Единственное, что удерживало от просьбы к КЕРГИШЕТУ вернуть его назад, было далеко от намерений и желаний других ходоков. Его не волновали, вернее, почти не волновали происходящие с командой перипетии, хотя он горой вставал на стороне всех действий КЕРГИШЕТА. А кого ему поддерживать? Не временницу же? Или Арно?..
Причина же, по которой он держался и за КЕРГИШЕТА, и за команду, осталась в Фимане. Там назревала эгепия, тот непонятный и неприятный для обитателей Кап-Тартара временной скачок, когда всё живое в короткий – минуты – срок становилось на много лет старше, старее, дряхлее. У них начиналась новая эония.
Джордан пережил уже несколько эгепий, воспоминания о которых портило настроение и вкус к жизни. Да и кому понравится, если ты прикрыл глаза, чтобы моргнуть, а, открыв их, вдруг ощущаешь в себе нерадостные перемены. Слабеют мышцы, зрение и слух. Чаще посещает усталость и уныние от созерцания своего и чужих образов – всё не так. Появляются морщины там, где их недавно не было, голова покрывается сединой, в голове какие-то глупости…
Правда, первые эгепии, делавшие его отроком, юношей и затем мужем, ожидались как приятные и желательные. Но когда это было? Всё те приятные чувства позабылись и истёрлись в памяти. Сейчас осталось лишь одно тягостное ожидание неизбежного ухудшения самочувствия и отказа от привычных ощущений окружающего. Бегство из Фимана с КЕРГИШЕТОМ могло сдвинуть наступление эгепии на более позднее время, а то и вовсе не дать ей наступить.
Джордан питал надежду…
Пожалуй, только Жулдас в любой момент мог повернуть назад, подальше от разрушений, людских страданий и, вообще, ото всего, имеющего в своём запасе существования не века, не годы, даже не часы.
Всё-таки, как ему казалось, он поступил опрометчиво, так легко согласившись пойти с КЕРГИШЕТОМ.
При встрече, когда Арно привёл его к нему, приглашение показалось заманчивым, так как у него наступил кризис; он был в отчаянии от постоянных неудачных походов в прошлое, где каждое его появление сопровождалось какой-нибудь нелепой случайностью. Почему-то его внешность всегда привлекала нездоровое внимание, как бы он не подстраивался под эпоху в одежде, в поведении. Натыкался на языковые барьеры. А чужих во все времена побаивались, к ним относились с подозрением, их не любили и не любят до сих пор. Постоянно ощущать себя белой вороной, что может быть нелепей для человека, которому хочется посмотреть, развлечься, повеселиться, побыть самим собой?

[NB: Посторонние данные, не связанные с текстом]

lemma remainder_bound: "in_H s (remainder \<tau>)" "hnorm s (remainder \<tau>) \<le> C4 / 3 * \<tau>^3"
proof -
  have "in_H s (schr (-(tn + \<sigma>)) (\<lambda>\<xi>. \<i> * defect \<sigma> \<xi>)) \<and>
      hnorm s (schr (-(tn + \<sigma>)) (\<lambda>\<xi>. \<i> * defect \<sigma> \<xi>)) \<le> C4 * \<sigma>^2" if "\<sigma> \<in> {0..\<tau>}" for \<sigma>
    using H_cmult[OF defect_bound(1)[OF that], of \<i>] defect_bound(2)[OF that] by auto
  moreover have "remainder 0 \<xi> = 0" for \<xi> unfolding remainder_def by simp
  ultimately show "in_H s (remainder \<tau>)" "hnorm s (remainder \<tau>) \<le> C4 / 3 * \<tau>^3"
    using H_mean_value_ineq[of \<tau> C4 remainder "\<lambda>\<sigma>. schr (-(tn + \<sigma>)) (\<lambda>\<xi>. \<i> * defect \<sigma> \<xi>)" s 2]
      tau_nonneg constants_nonneg(7) has_vector_derivative_remainder by (auto simp: eval_nat_numeral)
qed

end

theorem lemma3p2:
  fixes \<gamma> M :: real
  assumes "\<gamma> > real CARD('d::finite) / 2"
  shows "\<exists>C. \<forall>T \<tau> (n::nat) (u :: real \<Rightarrow> 'd fcoef).
     T > 0 \<and> 0 < \<tau> \<and> \<tau> \<le> 1 \<and> real (Suc n) * \<tau> \<le> T \<and> nls_solution T u \<and>
     (AE t in lborel. t \<in> {0<..<T} \<longrightarrow>
        in_H (\<gamma> + 2) (schr (- t) (u t)) \<and> normH (\<gamma> + 2) (schr (- t) (u t)) \<le> M)
     \<longrightarrow> in_H \<gamma> (R4 \<tau> n (\<lambda>t. schr (- t) (u t))) \<and>
         normH \<gamma> (R4 \<tau> n (\<lambda>t. schr (- t) (u t))) \<le> C * \<tau> ^ 3"
proof -
  define c where "c = (2 * pi) powr (real CARD('d) / 2)"
  define K K2 where "K = algebra_const \<gamma> TYPE('d)" and "K2 = algebra_const (\<gamma> + 2) TYPE('d)"
  have c: "c > 0" unfolding c_def by simp
  show ?thesis
  proof (intro exI[of _ "c * (nls_step.C4 (M / c) K K2 / 3)"] allI impI, elim conjE)
    fix T \<tau> n and u :: "real \<Rightarrow> 'd fcoef"
    assume T: "T > 0" and tau: "0 < \<tau>" and step: "real (Suc n) * \<tau> \<le> T" and u: "nls_solution T u"
      and ae: "AE t in lborel. t \<in> {0<..<T} \<longrightarrow>
        in_H (\<gamma> + 2) (schr (- t) (u t)) \<and> normH (\<gamma> + 2) (schr (- t) (u t)) \<le> M"
    have "AE t in lborel. t \<in> {0<..<T} \<longrightarrow>
        in_H (\<gamma> + 2) (schr (- t) (u t)) \<and> hnorm (\<gamma> + 2) (schr (- t) (u t)) \<le> M / c"
      using ae unfolding normH_eq_hnorm c_def[symmetric]
      by eventually_elim (use c in \<open>auto simp: field_simps\<close>)
    moreover have "continuous_on {0..T} (\<lambda>t. schr (- t) (u t) \<xi>)" for \<xi>
      by (rule continuous_on_vector_derivative) (rule has_vector_derivative_interaction[OF u])
    ultimately have "in_H (\<gamma> + 2) (schr (- t) (u t)) \<and> hnorm (\<gamma> + 2) (schr (- t) (u t)) \<le> M / c"
      if "t \<in> {0..T}" for t
      using H_bound_of_AE_bound[OF T _ _ that, of "\<lambda>t. schr (- t) (u t)"] by blast
    then interpret nls_step \<gamma> "M / c" K K2 T \<tau> n u
      using assms tau step u by unfold_locales (auto simp: K_def K2_def)
    show "in_H \<gamma> (R4 \<tau> n (\<lambda>t. schr (- t) (u t))) \<and>
        normH \<gamma> (R4 \<tau> n (\<lambda>t. schr (- t) (u t))) \<le> c * (C4 / 3) * \<tau> ^ 3"
      using remainder_bound c unfolding R4_eq_remainder normH_eq_hnorm c_def[symmetric]
      by (simp add: mult.assoc)
  qed
qed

Да и вообще, последние годы для него прошли не так, как хотелось бы. Глупо и бесцельно. Подружился с Осикавой, обрёл нечто новое и будто бы постоянное, а тот втянул его в компанию Радича. Вначале там показалось всё интересным. Непривычные речи, вольности и дозволенности подстёгивали к свершениям необдуманных поступков, казавшихся любопытными и занимательными. Но те, кому они себя противопоставили, быстро разобрались с ними. Радич и Гнасис куда-то сбежали и канули в вечность прошлого. От нечего делать он подался к Аранбалю как к человеку, хорошо знающему, чем можно заняться во времени. Но после памятной встречи с КЕРГИШЕТОМ разочаровался и в Аранбале, поняв, наконец, чем тот занимается на самом деле.
Когда КЕРГИШЕТ пришёл к нему с предложением, он обрадовался. Понадеялся, что встряхнётся, поскольку вот уже почти месяц сидел в настоящем безвылазно… Поверил и увязался за КЕРГИШЕТОМ и – вот вновь без внутреннего удовлетворения.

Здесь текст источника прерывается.